Bad Movies II

film 3 of 5

Antichrist

Film Review by Dean Duncan Jun 17, 2015

This film’s opening sequence combines two famous scenes from Nicolas Roeg’s Don’t Look Now (1973): the child’s death at the beginning, and the spouses’ extended amorous tryst in the middle. Lars Von Trier, the director of Antichrist, pays homage to Roeg and his film by tossing a toddler out an upper-story window while his parents cavort laughably all over their apartment. This is probably a statement of principle—fearless! unflinching!—as well as a really concise expression of what’s wrong with the guy. It’s dramatic and psychological implausibility, vying endlessly with cruel sadism. That does not mean Brecht + Zola, or even Brecht + Artaud. Actually, eventually it probably means that von Trier just deserves to be ignored.

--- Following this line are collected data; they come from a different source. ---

lemma matrix_diff_rdistrib: "((A::real^'n^'m) - B) ** C = A ** C - B ** C"
  by (simp add: matrix_matrix_mult_def vec_eq_iff sum_subtractf algebra_simps)

lemma matrix_add_rdistrib: "((A::real^'n^'m) + B) ** C = A ** C + B ** C"
  by (simp add: matrix_matrix_mult_def vec_eq_iff sum.distrib algebra_simps)

lemma transpose_diff: "transpose ((A::real^'n^'m) - B) = transpose A - transpose B"
  by (simp add: transpose_def vec_eq_iff)

lemma transpose_zero [simp]: "transpose (0::real^'n^'m) = 0"
  by (simp add: transpose_def vec_eq_iff)

lemma inner_matrix_vector_transpose: "x \<bullet> ((A::real^'n^'m) *v y) = (transpose A *v x) \<bullet> y"
  by (simp add: dot_lmul_matrix[symmetric])

lemma inner_symmetric_matrix: "transpose A = A \<Longrightarrow> x \<bullet> ((A::real^'n^'n) *v y) = (A *v x) \<bullet> y"
  by (metis inner_matrix_vector_transpose)
(* Consider a CPM scheme with alphabet size $M>2$, impulse length $L$ and modulation index $h=Q/P$ ($Q,P$ relatively prime positive integers). Suppose that every difference sequence $\mathbf{b}$ achieving the minimum Euclidean distance of the scheme has length $\Delta(\mathbf{b})=2$ and $b_2=\pm1$, and that $P$ is a multiple of $M$. Then there exists a partition of the set of trellis edges into $M$ sets $\mathcal{T}(0),\dots,\mathcal{T}(M-1)$, each of cardinality $PM^{L-1}$, such that (i) for every difference sequence $\mathbf{b}$ achieving the minimum Euclidean distance, any two edges adjacent in $\mathcal{G}(\mathbf{b})$ lie in the same set, and (ii) any two distinct edges leaving the same trellis state lie in different sets.
   Context: CPM trellis (Rimoldi decomposition). Fix $M\ge2$, $L\ge1$, relatively prime positive integers $Q,P$, $h=Q/P$. Input symbols $a_n\in\{0,\dots,M-1\}$. The state at time $n$ is $(a_{n-L+1},\dots,a_{n-1};\beta_n)$ with $\beta_n\in\{0,\dots,P-1\}$ and $\beta_{n+1}=(\beta_n+Qa_{n-L+1})_P$ ($(l)_P$ = $l$ mod $P$). A trellis edge is $(\boldsymbol{\alpha},\beta)$, $\boldsymbol{\alpha}=(\alpha_1,\dots,\alpha_L)\in\{0,\dots,M-1\}^L$, $\beta$ the phase of its starting state $((\alpha_1,\dots,\alpha_{L-1});\beta)$; its ending state is $((\alpha_2,\dots,\alpha_L);(\beta+Q\alpha_1)_P)$. There are $PM^L$ edges. CPM signal: an input sequence $(a_n)$ produces $x(t)=\exp\!\big(j\,2\pi h\sum_n(2a_n-(M-1))\,q(t-nT)\big)$ (up to a constant amplitude), where $T>0$ and the phase pulse $q$ is continuous with $q(t)=0$ for $t\le0$ and $q(t)=1/2$ for $t\ge LT$. A difference sequence is $\mathbf{b}=(b_1,\dots,b_\Delta)$ with entries in $\{-(M-1),\dots,M-1\}$, $b_1\ne0$, $b_\Delta\ne0$, admitting error events (i.e. $\sum_n b_n\equiv0\pmod P$); $\Delta(\mathbf{b})=\Delta$. An error event generated by $\mathbf{b}$ is a pair of trellis paths from a common starting state with inputs $a^{(1)},a^{(2)}$ such that $a^{(1)}_n-a^{(2)}_n=b_n$ for $1\le n\le\Delta$ and equal inputs afterwards, merging after $\Delta+L-1$ steps; an edge pair is the two edges at the same step. The squared Euclidean distance $\int|x^{(1)}(t)-x^{(2)}(t)|^2dt$ of an error event depends only on $\mathbf{b}$; the minimum Euclidean distance of the scheme is its minimum over all difference sequences. Graph $\mathcal{G}(\mathbf{b})$: vertices are trellis edges; two vertices are adjacent iff the edges have different starting states and form an edge pair of some error event generated by $\mathbf{b}$. *)

theory Defs
  imports "HOL-Analysis.Analysis"
begin
lemma max_subgroups_containing_conj:
  assumes g: "g \<in> carrier G" and x: "x \<in> carrier G"
  shows "max_subgroups_containing G (g \<otimes> x \<otimes> inv g) =
    (\<lambda>M. g <# M #> inv g) ` max_subgroups_containing G x"
proof (intro equalityI subsetI)
  fix N assume "N \<in> max_subgroups_containing G (g \<otimes> x \<otimes> inv g)"
  then have N: "maximal_subgroup G N" "g \<otimes> x \<otimes> inv g \<in> N"
    unfolding max_subgroups_containing_def by auto
  have NC: "N \<subseteq> carrier G" using N(1) subgroup.subset unfolding maximal_subgroup_def by blast
  let ?M = "inv g <# N #> g"
  have "maximal_subgroup G ?M" using maximal_subgroup_conj[of "inv g" N] g N(1) by simp
  moreover have "x \<in> ?M"
    using conj_mem_conj_set_iff[of "inv g" "g \<otimes> x \<otimes> inv g" N] g x NC N(2)
    by (simp add: inv_conj_conj)
  moreover have "N = g <# ?M #> inv g" using subgroup_conjugation_is_surj0[OF g NC] by simp
  ultimately show "N \<in> (\<lambda>M. g <# M #> inv g) ` max_subgroups_containing G x"
    unfolding max_subgroups_containing_def by blast
next
  fix N assume "N \<in> (\<lambda>M. g <# M #> inv g) ` max_subgroups_containing G x"
  then obtain M where M: "maximal_subgroup G M" "x \<in> M" and N: "N = g <# M #> inv g"
    unfolding max_subgroups_containing_def by blast
  have "M \<subseteq> carrier G" using M(1) subgroup.subset unfolding maximal_subgroup_def by blast
  then show "N \<in> max_subgroups_containing G (g \<otimes> x \<otimes> inv g)"
    unfolding max_subgroups_containing_def N
    using maximal_subgroup_conj[OF g M(1)] conj_mem_conj_set_iff g x M(2) by blast
qed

I’ll give them this: it’s quite beautifully shot. Poor Charlotte Gainsbourg is remarkable. I said “poor,” but isn’t this partly her fault? She could have said no. Or, as we need to remember when encountering material like this, it’s quite possible that the participants consented, and that they in some way sustain the statement, or the exploration, or whatever. (As in Gainsbourg/von Trier, pts. I and II, 1913.) Does that sound smug, and self-righteous? It’s always possible that we’re missing something, and it’s always probable that there are depths of sorrow or trauma or aspiration that we know not of. But it’s not at all smug or self-righteous to feel affronted, and get out of there.

Some of the Boschian tableaux are very impressive. As for the conclusion, the genital prostheses, etc., the mind struggles to explain or articulate. Also, the mind is hard pressed to find a reason to bother trying.